I enter his email address and squint at the Post-it, carefully entering the password. Then I press return. Immediately, Rory’s phone buzzes on the desk next to me, an alert lighting up the screen. Your account has been accessed by a new device. I swipe left to clear it, then turn to my computer, Rory’s inbox in front of me. At the top of a long string of unread messages is the alert. I delete it, quickly toggling over to his trash, and delete it from there too.
My eyes scan his homepage, looking at the various folders, before clicking over to the Doc. They’ve labeled it Meeting Notes. I open it, holding my breath, wondering what I might find, but it’s empty. Waiting for tomorrow. I imagine myself holed up late at night somewhere in Canada, a silent observer as Rory and Bruce deconstruct my disappearance, trying to figure out what happened. But more than that, I’ll be privy to everything Rory and Bruce say to each other, every conversation they think is private.
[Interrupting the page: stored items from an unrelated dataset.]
lemma mod_minus_1_cases:
  fixes n k :: nat
  assumes k: "0 < k" and n: "1 \<le> n" "n mod k \<noteq> 0" "Suc n mod k \<noteq> 0"
  shows "(n - 1) mod k = 0 \<or> (n - 1) mod k + 3 \<le> k"
proof -
  define m where "m = (n - 1) mod k"
  have "m < k" using k unfolding m_def by simp
  have n1: "n - 1 + 1 = n" "n - 1 + 2 = Suc n" using n(1) by simp_all
  have "(m + 1) mod k = n mod k" "(m + 2) mod k = Suc n mod k"
    unfolding m_def mod_add_left_eq n1 by (rule refl)+
  hence "m + 1 \<noteq> k" "m + 2 \<noteq> k" using n(2,3) by auto
  thus ?thesis using \<open>m < k\<close> unfolding m_def[symmetric] by linarith
qed

lemma mod_minus_2_cases:
  fixes n k :: nat
  assumes k: "0 < k" and n: "2 \<le> n" "n mod k \<noteq> 0" "n mod k \<noteq> 1"
  shows "(n - 2) mod k = 0 \<or> (n - 2) mod k + 3 \<le> k"
proof -
  define m where "m = (n - 2) mod k"
  have "m < k" using k unfolding m_def by simp
  have n2: "n - 2 + 2 = n" using n(1) by simp
  have eq: "(m + 2) mod k = n mod k" unfolding m_def mod_add_left_eq n2 by (rule refl)
  hence "m + 2 \<noteq> k" using n(2) by auto
  moreover have "m + 1 \<noteq> k"
  proof
    assume "m + 1 = k"
    hence "m + 2 = 1 + k" by simp
    hence "n mod k = (1 + k) mod k" using eq by simp
    hence "n mod k = 1 mod k" by (simp only: mod_add_self2)
    thus False using n(2,3) by (cases "k = 1") auto
  qed
  ultimately show ?thesis using \<open>m < k\<close> unfolding m_def[symmetric] by linarith
qed
(* Consider $\mathsf{SGDsub}$ run for $T$ steps with batch parameter $B$. Suppose $B\ge\frac{100\log(T/\delta)}{\epsilon}$, $\epsilon\le c_0$ for a suitable absolute constant $c_0>0$, and $\upsilon=0.9B+\frac{2\log(T/\delta)}{\epsilon}$. Suppose that for every point $Y\in\mathbb{R}^d$, $|\{i\in[B]:q_1(Z_{i,1})\in B_\infty(Y,1/\tau)\}|<B/3$. Then with probability at least $1-\delta/(T e^{\epsilon})$, the AboveThreshold procedure returns $a_1=\bot$.
   Context: $\mathsf{SGDsub}$: users are split into groups $\{Z_{i,t}\}_{t\in[T]}$, $i\in[B]$, each user a set of $m$ data points; with iterates $x_t$, $q_t(Z_{i,t})=\frac1m\sum_{z\in Z_{i,t}}\nabla f(x_{t-1};z)$. Concentration scores $s_t=\frac1B\sum_{i,j\in[B]}\exp(-\tau\|q_t(Z_{i,t})-q_t(Z_{j,t})\|_\infty)$. AboveThreshold with privacy $\epsilon/2$ and threshold $\upsilon$: draw $\hat\upsilon=\upsilon-\mathrm{Lap}(4/\epsilon)$; for $t=1,\dots,T$ draw $\nu_t\sim\mathrm{Lap}(8/\epsilon)$; if $s_t+\nu_t<\hat\upsilon$ output $a_t=\bot$ and halt, else output $a_t=\top$. $\mathrm{Lap}(b)$ is the Laplace distribution of scale $b$. *)

theory Defs
  imports "HOL-Probability.Probability"
begin

text \<open>Vectors in R^d are represented as functions nat => real; only the
  coordinates 0..d-1 are relevant.\<close>

definition linf_norm :: "nat \<Rightarrow> (nat \<Rightarrow> real) \<Rightarrow> real" where
  "linf_norm d x = (if d = 0 then 0 else Max ((\<lambda>k. \<bar>x k\<bar>) ` {..<d}))"

definition linf_ball :: "nat \<Rightarrow> (nat \<Rightarrow> real) \<Rightarrow> real \<Rightarrow> (nat \<Rightarrow> real) set" where
  "linf_ball d Y r = {x. linf_norm d (x - Y) < r}"

definition sgd_q :: "((nat \<Rightarrow> real) \<Rightarrow> 'z \<Rightarrow> (nat \<Rightarrow> real)) \<Rightarrow> nat \<Rightarrow> (nat \<Rightarrow> real) \<Rightarrow> 'z multiset \<Rightarrow> (nat \<Rightarrow> real)" where
  "sgd_q gradf m x Zit = (\<lambda>k. sum_mset (image_mset (\<lambda>z. gradf x z k) Zit) / real m)"

definition conc_score :: "nat \<Rightarrow> real \<Rightarrow> nat \<Rightarrow> (nat \<Rightarrow> (nat \<Rightarrow> real)) \<Rightarrow> real" where
  "conc_score d \<tau> B qs =
     (\<Sum>i\<in>{1..B}. \<Sum>j\<in>{1..B}. exp (- \<tau> * linf_norm d (qs i - qs j))) / real B"

definition laplace_density :: "real \<Rightarrow> real \<Rightarrow> real" where
  "laplace_density b x = exp (- \<bar>x\<bar> / b) / (2 * b)"

definition laplace :: "real \<Rightarrow> real measure" where
  "laplace b = density lborel (\<lambda>x. ennreal (laplace_density b x))"

datatype at_answer = Top | Bot

text \<open>First answer a_1 of AboveThreshold, given the score s_1, the threshold upsilon,
  the threshold noise L (so that hat upsilon = upsilon - L) and the query noise nu_1.\<close>
definition above_threshold_a1 :: "real \<Rightarrow> real \<Rightarrow> real \<Rightarrow> real \<Rightarrow> at_answer" where
  "above_threshold_a1 s1 \<upsilon> L \<nu>1 = (if s1 + \<nu>1 < \<upsilon> - L then Bot else Top)"

end

theory Submission
  imports Defs "HOL-Real_Asymp.Real_Asymp"
begin

text \<open>If every l-infinity ball of radius 1/\<tau> holds fewer than B/3 of the averaged
  gradients, then in every row of the concentration score more than 2B/3 of the terms
  are at most e^-1 \<le> 1/2, so s_1 \<le> 2B/3.  With the chosen threshold the margin
  \<upsilon> - s_1 is then at least 0.2 B + 2 log(T/\<delta>)/\<epsilon> \<ge> 22 log(T/\<delta>)/\<epsilon>.  The
  answer is \<top> only if the threshold noise or the query noise exceeds half of that
  margin, and the exponential tails of the two Laplace laws make this unlikely.\<close>

lemma laplace_density_measurable [measurable]: "laplace_density b \<in> borel_measurable borel"
  unfolding laplace_density_def by measurable

lemma nn_integral_laplace_density_atLeast:
  assumes b: "b > 0" and c: "c \<ge> 0"
  shows "(\<integral>\<^sup>+x. ennreal (laplace_density b x) * indicator {c..} x \<partial>lborel) = ennreal (exp (-c/b) / 2)"
proof -
  have "(\<integral>\<^sup>+x. ennreal (laplace_density b x) * indicator {c..} x \<partial>lborel)
      = (\<integral>\<^sup>+x. ennreal (exp (-x/b) / (2*b)) * indicator {c..} x \<partial>lborel)"
    using c by (intro nn_integral_cong) (auto simp: laplace_density_def indicator_def)
  also have "\<dots> = 0 - (- exp (-c/b) / 2)"
  proof (rule nn_integral_FTC_atLeast)
    show "(\<lambda>x. exp (-x/b) / (2*b)) \<in> borel_measurable borel" by measurable
    fix x
    show "((\<lambda>x. - exp (-x/b) / 2) has_real_derivative exp (-x/b) / (2*b)) (at x)"
      using b by (auto intro!: derivative_eq_intros simp: field_simps)
    show "0 \<le> exp (-x/b) / (2*b)" using b by simp
  next
    show "((\<lambda>x. - exp (-x/b) / 2) \<longlongrightarrow> 0) at_top"
      using b by real_asymp
  qed
  finally show ?thesis by simp
qed

lemma nn_integral_laplace_density:
  assumes b: "b > 0"
  shows "(\<integral>\<^sup>+x. ennreal (laplace_density b x) \<partial>lborel) = 1"
proof -
  let ?g = "\<lambda>x. ennreal (laplace_density b x)"
  have split: "(\<integral>\<^sup>+x. ?g x \<partial>lborel)
      = (\<integral>\<^sup>+x. ?g x * indicator {0..} x \<partial>lborel) + (\<integral>\<^sup>+x. ?g x * indicator {..<0} x \<partial>lborel)"
    by (subst nn_integral_add[symmetric]) (auto intro!: nn_integral_cong simp: indicator_def)
  have "(\<integral>\<^sup>+x. ?g x * indicator {..<0} x \<partial>lborel)
      = ennreal \<bar>-1\<bar> * (\<integral>\<^sup>+x. ?g (0 + (-1) * x) * indicator {..<0} (0 + (-1) * x) \<partial>lborel)"
    by (rule nn_integral_real_affine) auto
  also have "\<dots> = (\<integral>\<^sup>+x. ?g x * indicator {0..} x \<partial>lborel)"
    using AE_lborel_singleton[of "0::real"]
    by (auto intro!: nn_integral_cong_AE elim!: eventually_mono simp: laplace_density_def indicator_def)
  finally have "(\<integral>\<^sup>+x. ?g x \<partial>lborel) = ennreal (1/2) + ennreal (1/2)"
    unfolding split using nn_integral_laplace_density_atLeast[OF b, of 0] by simp
  also have "\<dots> = 1"
    by (simp add: ennreal_plus[symmetric] del: ennreal_plus ennreal_half)
  finally show ?thesis .
qed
At the top, it reads Last edit made by Bruce Corcoran five hours ago. I click on it, wondering what the edit history might show, and a long list pops up on the right-hand side of the screen. 3:53 Rory Cook added a comment. 3:55 Bruce Corcoran added a comment. But no specifics. My eyes travel down the long list to the bottom of the window, where a box that says Show Changes is unchecked. I hover my cursor over it, tempted, but I leave it unchecked. I’m logged in, and that’s all that matters.
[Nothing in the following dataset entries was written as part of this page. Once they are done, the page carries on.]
(* Fix $\theta\in(0,\pi/2)$, let $\lambda=\left(\frac{\sqrt d}{2\log d}\right)^d$ and $\Delta=s_d(\theta)\lambda$, and let $\mathbf X$ be a Poisson point process of intensity $\lambda$ on $S^{d-1}$ with respect to normalised surface measure. If $d$ is sufficiently large, then \[ \mathbb{E}\left|\left\{x\in\mathbf X:|\mathbf X\cap C_x(\theta)|\geq\Delta\big(1+\Delta^{-1/3}\big)\right\}\right|\leq(2d)^{-1}\,\mathbb{E}|\mathbf X|. \]
   Context: $S^{d-1}$ is the unit sphere in $\mathbb{R}^d$ with surface measure normalised to total mass $1$; $C_x(\theta)=\{y\in S^{d-1}:\langle x,y\rangle\geq\cos\theta\}$ and $s_d(\theta)$ is its normalised measure. $\log$ is the natural logarithm. *)

theory Defs
  imports "HOL-Analysis.Analysis"
begin

text \<open>Euclidean space R^d, realised as extensional functions on the index set {..<d}
  with the product Lebesgue measure (so that the dimension d can be quantified over).\<close>

definition eucl :: "nat \<Rightarrow> (nat \<Rightarrow> real) measure" where
  "eucl d = (\<Pi>\<^sub>M i\<in>{..<d}. lborel)"

definition enorm :: "nat \<Rightarrow> (nat \<Rightarrow> real) \<Rightarrow> real" where
  "enorm d x = sqrt (\<Sum>i<d. (x i)\<^sup>2)"

definition einner :: "nat \<Rightarrow> (nat \<Rightarrow> real) \<Rightarrow> (nat \<Rightarrow> real) \<Rightarrow> real" where
  "einner d x y = (\<Sum>i<d. x i * y i)"

definition usphere :: "nat \<Rightarrow> (nat \<Rightarrow> real) set" where
  "usphere d = {x \<in> space (eucl d). enorm d x = 1}"

text \<open>Normalised surface measure on S^{d-1} (total mass 1): the image of the uniform
  probability measure on the punctured open unit ball under radial projection
  x \<mapsto> x/|x| (the cone-measure description of normalised surface measure).\<close>
definition sphere_measure :: "nat \<Rightarrow> (nat \<Rightarrow> real) measure" where
  "sphere_measure d =
     distr (uniform_measure (eucl d) {x \<in> space (eucl d). 0 < enorm d x \<and> enorm d x < 1})
           (eucl d) (\<lambda>x. restrict (\<lambda>i. x i / enorm d x) {..<d})"

definition cap :: "nat \<Rightarrow> (nat \<Rightarrow> real) \<Rightarrow> real \<Rightarrow> (nat \<Rightarrow> real) set" where
  "cap d x \<theta> = {y \<in> usphere d. einner d x y \<ge> cos \<theta>}"

text \<open>s_d(theta): normalised measure of a cap (centred at the first basis vector;
  by rotation invariance this is independent of the centre).\<close>
definition sd :: "nat \<Rightarrow> real \<Rightarrow> real" where
  "sd d \<theta> = measure (sphere_measure d)
      (cap d (restrict (\<lambda>i. if i = 0 then 1 else 0) {..<d}) \<theta>)"

text \<open>Expectation of a nonnegative functional F of a Poisson point process of intensity
  lam (w.r.t. normalised surface measure, of total mass 1) on S^{d-1}. We use the standard
  construction: the number of points N is Poisson(lam), and given N = n the points
  xs 0, ..., xs (n-1) are i.i.d. with law sphere_measure d. F n xs evaluates the functional
  on the configuration {xs 0, ..., xs (n-1)} (as a multiset).\<close>
definition ppp_expect ::
    "nat \<Rightarrow> real \<Rightarrow> (nat \<Rightarrow> (nat \<Rightarrow> nat \<Rightarrow> real) \<Rightarrow> ennreal) \<Rightarrow> ennreal" where
  "ppp_expect d lam F =
     (\<Sum>n. ennreal (lam ^ n / fact n * exp (- lam)) *
           (\<integral>\<^sup>+ xs. F n xs \<partial>(\<Pi>\<^sub>M k\<in>{..<n}. sphere_measure d)))"

definition cap_count :: "nat \<Rightarrow> real \<Rightarrow> nat \<Rightarrow> (nat \<Rightarrow> nat \<Rightarrow> real) \<Rightarrow> nat \<Rightarrow> nat" where
  "cap_count d \<theta> n xs j = card {k \<in> {..<n}. xs k \<in> cap d (xs j) \<theta>}"

end

theory Submission
  imports Defs "HOL-Probability.Infinite_Product_Measure" "HOL-Real_Asymp.Real_Asymp"
begin

text \<open>
  Normalised surface measure is the normalised volume of the cone over a set, and rotations,
  being products of shears, preserve volume; hence the cap of every point of the sphere has
  measure \<open>s\<^sub>d(\<theta>)\<close>. The cone over a cap contains a ball of radius \<open>(1 - cos \<theta>) / 4\<close>, so
  \<open>s\<^sub>d(\<theta>) \<ge> ((1 - cos \<theta>) / 4)^d\<close>, and \<open>\<Delta> \<ge> 2^d\<close> for large \<open>d\<close>.

  Given \<open>n\<close> points, they are independent and uniform, so the exponential Markov inequality
  with \<open>u = \<Delta>^(-1/3) / 2\<close> bounds the expected number of points whose cap contains at least
  \<open>t = \<Delta> (1 + \<Delta>^(-1/3))\<close> points by \<open>n e^(u (1 - t)) (1 + s\<^sub>d(\<theta>) (e^u - 1))^(n - 1)\<close>.
  Averaging over the Poisson number of points gives \<open>\<lambda> exp (u (1 - t) + \<Delta> (e^u - 1))\<close>, which
  is at most \<open>\<lambda> exp (1 - \<Delta>^(1/3) / 4) \<le> \<lambda> / (2 d)\<close> once \<open>\<Delta>^(1/3) \<ge> 12 d\<close>, whereas the expected
  number of points is \<open>\<lambda>\<close>.
\<close>

lemma space_eucl: "space (eucl d) = PiE {..<d} (\<lambda>_. UNIV)"
  by (simp add: eucl_def space_PiM)
lemma computable_prim_rec:
  assumes "computable F" "computable G" "computable N" "computable Y"
  shows "computable (\<lambda>x. prim_rec F G (N x) (Y x))"
proof (rule computable_comp2[OF _ assms(3,4)])
  show "computable (\<lambda>z. prim_rec F G (pfst z) (psnd z))"
    using assms(1,2) computes_Prec unfolding computable_def by blast
qed

lemma computes_Mu:
  assumes F: "computes p F" and total: "\<forall>x. \<exists>y. F (pair y x) = 0"
  shows "computes (Mu p) (\<lambda>x. LEAST y. F (pair y x) = 0)"
  unfolding computes_def
proof (intro allI)
  fix orc x y
  have "ev orc (Mu p) x y \<longleftrightarrow> F (pair y x) = 0 \<and> (\<forall>i<y. F (pair i x) \<noteq> 0)"
    using F by (auto simp: ev_Mu_iff computes_def)
  also have "\<dots> \<longleftrightarrow> y = (LEAST y. F (pair y x) = 0)"
  proof
    assume "F (pair y x) = 0 \<and> (\<forall>i<y. F (pair i x) \<noteq> 0)"
    then show "y = (LEAST y. F (pair y x) = 0)"
      by (intro Least_equality[symmetric]) (auto simp: not_less[symmetric])
  next
    assume "y = (LEAST y. F (pair y x) = 0)"
    moreover from total obtain y0 where "F (pair y0 x) = 0" by blast
    ultimately show "F (pair y x) = 0 \<and> (\<forall>i<y. F (pair i x) \<noteq> 0)"
      by (metis (mono_tags, lifting) LeastI not_less_Least)
  qed
  finally show "ev orc (Mu p) x y \<longleftrightarrow> y = (LEAST y. F (pair y x) = 0)" .
qed

lemma computable_Least:
  "computable F \<Longrightarrow> \<forall>x. \<exists>y. F (pair y x) = 0 \<Longrightarrow> computable (\<lambda>x. LEAST y. F (pair y x) = 0)"
  unfolding computable_def using computes_Mu by blast

lemma computable_add: "computable A \<Longrightarrow> computable B \<Longrightarrow> computable (\<lambda>x. A x + B x)"
proof -
  have "prim_rec (\<lambda>y. y) (\<lambda>w. Suc (pfst (psnd w))) n y = n + y" for n y
    by (induction n) auto
  moreover assume "computable A" "computable B"
  then have "computable (\<lambda>x. prim_rec (\<lambda>y. y) (\<lambda>w. Suc (pfst (psnd w))) (A x) (B x))"
    by (intro computable_prim_rec computable_id computable_Suc computable_pfst computable_psnd)
  ultimately show ?thesis by simp
qed

lemma computable_mult: "computable A \<Longrightarrow> computable B \<Longrightarrow> computable (\<lambda>x. A x * B x)"
proof -
  have "prim_rec (\<lambda>y. 0) (\<lambda>w. pfst (psnd w) + psnd (psnd w)) n y = n * y" for n y
    by (induction n) auto
  moreover assume "computable A" "computable B"
  then have "computable (\<lambda>x. prim_rec (\<lambda>y. 0) (\<lambda>w. pfst (psnd w) + psnd (psnd w)) (A x) (B x))"
    by (intro computable_prim_rec computable_const computable_add computable_id
        computable_pfst computable_psnd)
  ultimately show ?thesis by simp
qed

lemma computable_pred: "computable A \<Longrightarrow> computable (\<lambda>x. A x - 1)"
proof -
  have "prim_rec (\<lambda>y. 0) (\<lambda>w. pfst w) n y = n - 1" for n y
    by (induction n) auto
  moreover assume "computable A"
  then have "computable (\<lambda>x. prim_rec (\<lambda>y. 0) (\<lambda>w. pfst w) (A x) 0)"
    by (intro computable_prim_rec computable_const computable_pfst computable_id)
  ultimately show ?thesis by simp
qed

lemma computable_diff: "computable A \<Longrightarrow> computable B \<Longrightarrow> computable (\<lambda>x. A x - B x)"
proof -
  have "prim_rec (\<lambda>y. y) (\<lambda>w. pfst (psnd w) - 1) n y = y - n" for n y
    by (induction n) auto
  moreover assume "computable A" "computable B"
  then have "computable (\<lambda>x. prim_rec (\<lambda>y. y) (\<lambda>w. pfst (psnd w) - 1) (B x) (A x))"
    by (intro computable_prim_rec computable_id computable_pred computable_pfst computable_psnd)
  ultimately show ?thesis by simp
qed

lemma computable_if_zero:
  "computable C \<Longrightarrow> computable A \<Longrightarrow> computable B \<Longrightarrow> computable (\<lambda>x. if C x = 0 then A x else B x)"
proof -
  have "prim_rec pfst (\<lambda>w. psnd (psnd (psnd w))) n y = (if n = 0 then pfst y else psnd y)" for n y
    by (induction n) auto
  moreover assume "computable C" "computable A" "computable B"
  then have "computable (\<lambda>x. prim_rec pfst (\<lambda>w. psnd (psnd (psnd w))) (C x) (pair (A x) (B x)))"
    by (intro computable_prim_rec computable_id computable_pair computable_pfst computable_psnd)
  ultimately show ?thesis by (simp cong: if_cong)
qed

lemma computable_if:
  "decidable P \<Longrightarrow> computable A \<Longrightarrow> computable B \<Longrightarrow> computable (\<lambda>x. if P x then A x else B x)"
proof -
  assume "decidable P" "computable A" "computable B"
  then have "computable (\<lambda>x. if (if P x then 0 else 1) = (0::nat) then A x else B x)"
    unfolding decidable_def by (rule computable_if_zero)
  then show ?thesis by (rule computable_cong) simp
qed

lemma decidable_const: "decidable (\<lambda>x. c)"
  unfolding decidable_def by (rule computable_const)

lemma decidable_eq: "computable A \<Longrightarrow> computable B \<Longrightarrow> decidable (\<lambda>x. A x = B x)"
proof -
  assume "computable A" "computable B"
  then have "computable (\<lambda>x. if (A x - B x) + (B x - A x) = 0 then 0 else 1)"
    by (intro computable_if_zero computable_add computable_diff computable_const)
  then show ?thesis unfolding decidable_def by (rule computable_cong) auto
qed

lemma decidable_le: "computable A \<Longrightarrow> computable B \<Longrightarrow> decidable (\<lambda>x. A x \<le> B x)"
proof -
  assume "computable A" "computable B"
  then have "computable (\<lambda>x. if A x - B x = 0 then 0 else 1)"
    by (intro computable_if_zero computable_diff computable_const)
  then show ?thesis unfolding decidable_def by (rule computable_cong) auto
qed

lemma decidable_less: "computable A \<Longrightarrow> computable B \<Longrightarrow> decidable (\<lambda>x. A x < B x)"
  using decidable_le[OF computable_Suc] by (simp add: Suc_le_eq)

lemma decidable_not: "decidable P \<Longrightarrow> decidable (\<lambda>x. \<not> P x)"
proof -
  assume "decidable P"
  then have "computable (\<lambda>x. if P x then 1 else 0)" by (intro computable_if computable_const)
  then show ?thesis unfolding decidable_def by (rule computable_cong) auto
qed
I click over to my computer settings, where I change my own password, making sure I’m the only one who can access it.
When I’m done, I close it
and head up the stairs and back into our bedroom, where Rory still sleeps. After returning his phone to the charger, I take the thumb drive and the Post-it with his password into the master bathroom. I pull the long plastic tube of my travel toothbrush from my packed toiletry bag and twist it open, tossing the cheap toothbrush into the trash and wrapping the Post-it around the thumb drive. Then I drop them both into the tube and twist it closed again, burying it underneath my face lotion and cosmetics. With the bag zipped, I look at myself in the mirror, surrounded by the luxury Rory’s money has given me. The marble counters, the deep soaking tub and shower the size of a compact car. So different from the tiny bathroom I grew up using. Violet and I used to argue about who got to use it first in the mornings, until my mother disabled the lock. “We don’t have time for privacy,” she’d say. I used to dream about the day when I could lock the bathroom door and spend as much time in there as I wanted. I’d give anything to go back to how it used to be, the three of us in and out, squeezing past each other in the tight space, brushing teeth, putting on makeup, drying our hair.
I won’t miss any of this.
I flip off the light and make my way back into the bedroom, where I slip into bed next to my husband for the very last time.
Twenty-two hours.
Claire
Tuesday, February 22
The Day of the Crash
I must have slept, because the next thing I know, my alarm is yanking me awake. I blink the sleep from my eyes, taking in the room around me. The sun is up, and Rory’s side of the bed is empty. The clock reads seven thirty.
I sit up, letting my nerves settle and excitement take over, before moving into the bathroom where I turn on the shower, letting steam obscure my face in the mirror. On the counter, I check again for the thumb drive, reassured that it seems to be undisturbed.